1. Brace against your camera strap

Using your camera strap to brace it against your neck not only gives you another point of contact, but it physically limits the extent at which you can hold your camera. This means the camera’s not going to be wobbling forward and backward unless your whole body is. Because you can push your hands against it, it also helps to make them less shaky, too, resulting in smooth clean footage.

2. Add motion

Combining the first technique with some motion will further help to hide any camera shake that may remain. Giving your whole body some motion loses a lot of that shake you often get by trying to hold your hand still. Using these techniques in combination with shooting at a high frame rate to slow the motion down can also help to even things out. And any final bit of shake is easily fixed by a little use of the Warp Stabiliser.

3. Lock your elbows & balance the camera

The bracing of the elbows is quite common. It’s used a lot for stills shooters to help get steadier handheld images. For video, we often attempt to do the same, but there’s a trick to it. With stills we hold onto the camera as we normally would, with our right hand around the grip and left hand under the lens. We only need it to be steady for a small amount of time. Small enough for the shutter to fire.

With video, it’s a little different. As we don’t need to hit the shutter, we don’t need to hold the camera’s grip. The same goes for keeping our fingers close to the focus or zoom rings.
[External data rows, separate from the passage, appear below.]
lemma reducible_if_not_dvd: "\<not> N dvd (2*k + 1) \<Longrightarrow> reducible_rep q k N"
proof -
  assume ndvd: "\<not> N dvd (2*k + 1)"
  define m where "m = k mod N"
  have m: "0 \<le> m" "m \<le> N - 1" "N dvd (k - m)"
    using N_ge_2 by (auto simp: m_def mod_eq_dvd_iff)
  have "N \<noteq> 2*m + 1"
  proof
    assume N: "N = 2*m + 1"
    have "N dvd 2*(k - m) + N" using m(3) by (intro dvd_add dvd_mult) simp_all
    also have "2*(k - m) + N = 2*k + 1" using N by simp
    finally show False using ndvd by simp
  qed
  hence "2*m + 2 \<le> N \<or> N \<le> 2*m" by linarith
  thus ?thesis using reducible_of_small_residue reducible_of_large_residue m by blast
qed

end

section \<open>The irreducible case\<close>

locale root_invariant_subspace = even_order_root q N + invariant_subspace q k N W
  for q :: complex and N k :: int and W
begin

lemma N_pos: "0 < N"
  using N_ge_2 by simp

lemma ub_succ_mem:
  assumes "-N < i" "i < 0" "ub N i \<in> W" "sc q k i \<noteq> 0"
  shows "ub N (i + 1) \<in> W"
proof (rule ub_mem_of_nonpos_pair)
  show "(\<lambda>j. sc q k i * ub N (i + 1) j + sc q k (-i) * ub N (i - 1) j) \<in> W"
    using rhoInf_mem[OF assms(3)] assms(1,2) by (simp add: rhoInf_ub rhoInf_u_def)
  show "lam q (i + 1) \<noteq> lam q (i - 1)"
    using inj_onD[OF inj_on_lam_nonpos, of "i + 1" "i - 1"] assms(1,2) by auto
qed (use assms N_pos in auto)
lemma Vval_eq_posterior:
  "Vval p q \<pi>0 t = 1 * \<pi>0 / (1 * \<pi>0 + K * z powi Nmax t * (1 - \<pi>0))"
proof -
  have "(q / p) powi (Nmax t + 1) = z powi Nmax t * z"
    by (simp add: z_powi_Suc flip: z_def)
  then have "(1 - \<pi>0) / \<pi>0 * ((p - alpha p q) / (q - alpha p q)) * (q / p) powi (Nmax t + 1)
      = (1 - \<pi>0) / \<pi>0 * (K * z powi Nmax t)"
    by (simp add: K_def mult_ac)
  then have "Vval p q \<pi>0 t = 1 / (1 + (1 - \<pi>0) / \<pi>0 * (K * z powi Nmax t))"
    by (simp only: Vval_def)
  also have "1 + (1 - \<pi>0) / \<pi>0 * (K * z powi Nmax t) = (\<pi>0 + K * z powi Nmax t * (1 - \<pi>0)) / \<pi>0"
    using prior_pos by (simp add: field_simps)
  finally show ?thesis by simp
qed

lemma best_eq_Vval: "best t = Vval p q \<pi>0 t"
proof (rule lik_ratio_inj[OF prior_pos prior_less_1 best_bounds(1)])
  have pos: "0 < K * z powi Nmax t" using K_pos z_pos by simp
  then show "0 < Vval p q \<pi>0 t"
    using posterior_bounds(1)[OF prior_pos prior_less_1 zero_less_one pos] by (simp add: Vval_eq_posterior)
  show "lik_ratio \<pi>0 (best t) = lik_ratio \<pi>0 (Vval p q \<pi>0 t)"
    using lik_ratio_posterior[OF prior_pos prior_less_1 zero_less_one pos]
    by (simp add: Vval_eq_posterior flip: cutoff_def cutoff_eq)
qed

lemma action_eq_min_Vval_nu: "a e = \<mu> e \<and> \<mu> e = min (Vval p q \<pi>0 e) (nu p q \<pi>0 e)"
  using action_eq_\<mu> action_eq_min[of e] best_eq_Vval[of e] by (simp add: min.commute)

lemma discloses_iff:
  "pmf (\<sigma> e) e = 1 \<longleftrightarrow> real_of_int (Dd e) \<ge> real_of_int (Nmax e) - nstar p q"
proof -
  have "pmf (\<sigma> e) e = 1 \<longleftrightarrow> excess e \<le> 0"
  proof
    assume "pmf (\<sigma> e) e = 1"
    then have "a e = best e"
      by (intro action_message) (simp add: set_pmf_iff)
    then show "excess e \<le> 0"
      using action_eq_min[of e] by (simp add: excess_le_0_iff)
  qed (rule discloses_if_excess_le_0)
  also have "\<dots> \<longleftrightarrow> z powi Dd e \<le> K * z powi Nmax e"
    using FG_pos[of e] by (simp add: excess_def cutoff_eq FB_eq_FG_z_powi mult.commute)
  also have "\<dots> \<longleftrightarrow> real_of_int (Dd e) \<ge> real_of_int (Nmax e) - nstar p q"
    by (rule powi_le_K_powi_iff)
  finally show ?thesis .
qed

lemma message_length_ge:
  assumes "pmf (\<sigma> e) m > 0"
  shows "length m \<ge> Max {k. k \<le> length e \<and> Dd (restr e k) = Nmax e}"
proof (rule ccontr)
  obtain y where y: "suffix y e" "Dd y = Nmax e"
    and len_y: "length y = Max {k. k \<le> length e \<and> Dd (restr e k) = Nmax e}"
    by (rule longest_peak_suffix)
  assume "\<not> ?thesis"
  then have shorter: "length m < length y" by (simp add: len_y)
  have m: "m \<in> set_pmf (\<sigma> e)" using assms by (simp add: set_pmf_iff)
  have "Dd y = Nmax y"
    using y Nmax_mono[OF y(1)] Dd_le_Nmax[of y] by simp
  then have "excess_sum y = 0" by (rule excess_sum_peak)
  have "m \<noteq> e" using shorter suffix_length_le[OF y(1)] by auto
  then have "pmf (\<sigma> e) e \<noteq> 1" using m set_pmf_eq_singleton by fastforce
  then have "\<not> excess e \<le> 0" using discloses_if_excess_le_0 by blast
  then have "0 < excess e" by simp
  moreover have "pmf (\<sigma> e) m \<le> escape y e"
    using message_suffix[OF m] shorter by (intro pmf_le_escape) (auto dest: suffix_length_le)
  ultimately have "excess e * pmf (\<sigma> e) m \<le> excess e * escape y e"
    by (simp add: mult_left_mono)
  also have "\<dots> \<le> excess_sum y" by (rule excess_escape_le_excess_sum[OF y(1)])
  finally show False
    using \<open>excess_sum y = 0\<close> \<open>0 < excess e\<close> assms by (simp add: mult_le_0_iff)
qed

end

theorem proposition6:
  fixes p q \<pi>0 :: real
  assumes "0 < q" and "q < p" and "p < 1" and "p + q < 1"
    and "0 < \<pi>0" and "\<pi>0 < 1"
  shows "nstar p q > 0 \<and>
    (\<forall>\<sigma> a \<mu>. equilibrium p q \<pi>0 \<sigma> a \<mu> \<longrightarrow>
      (\<forall>e.
        (a e = \<mu> e \<and> \<mu> e = min (Vval p q \<pi>0 e) (nu p q \<pi>0 e)) \<and>
        (pmf (\<sigma> e) e = 1 \<longleftrightarrow> real_of_int (Dd e) \<ge> real_of_int (Nmax e) - nstar p q) \<and>
        (\<forall>m. pmf (\<sigma> e) m > 0 \<longrightarrow>
           length m \<ge> Max {k. k \<le> length e \<and> Dd (restr e k) = Nmax e})))"
proof -
  interpret signal_params p q
    using assms by unfold_locales auto
  have "\<forall>e. (a e = \<mu> e \<and> \<mu> e = min (Vval p q \<pi>0 e) (nu p q \<pi>0 e)) \<and>
        (pmf (\<sigma> e) e = 1 \<longleftrightarrow> real_of_int (Dd e) \<ge> real_of_int (Nmax e) - nstar p q) \<and>
        (\<forall>m. pmf (\<sigma> e) m > 0 \<longrightarrow>
           length m \<ge> Max {k. k \<le> length e \<and> Dd (restr e k) = Nmax e})"
    if "equilibrium p q \<pi>0 \<sigma> a \<mu>" for \<sigma> a \<mu>
  proof -
    interpret disclosure_equilibrium p q \<pi>0 \<sigma> a \<mu>
      using assms that by unfold_locales auto
    show ?thesis
      using action_eq_min_Vval_nu discloses_iff message_length_ge by blast
  qed
  then show ?thesis
    using nstar_pos by blast
qed

end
So here we want to try to balance the camera on our fingers. The weight of the camera will counter any shakes in our loose fingers, rather than a hard grip causing the camera to amplify them.

4. Use the objects that are around you

Bracing the camera against solid objects around you can also help to get much steadier shots. This is something I do with stills, too, when I need to get a slower shutter without a tripod. A fence post, a tree, the top of a car, all kinds of things can be used to help keep the camera steady. They can even be used as pivot points to help you get a smoother handheld pan.

5. Sit down on the ground

This technique works particularly well with long lenses. Your knees will shake much less than your hands do. So, sitting down and resting your camera on your knees will allow you to easily get those low perspective steady clips.

As Rob says, these techniques are no substitute for a tripod, but sometimes you can’t take a tripod, or don’t have the time to set one up, or you simply haven’t brought one with you.

Hopefully, these tips will help you to get more stable handheld footage without one. And these techniques can also be used to help get good stills with a slower shutter, too.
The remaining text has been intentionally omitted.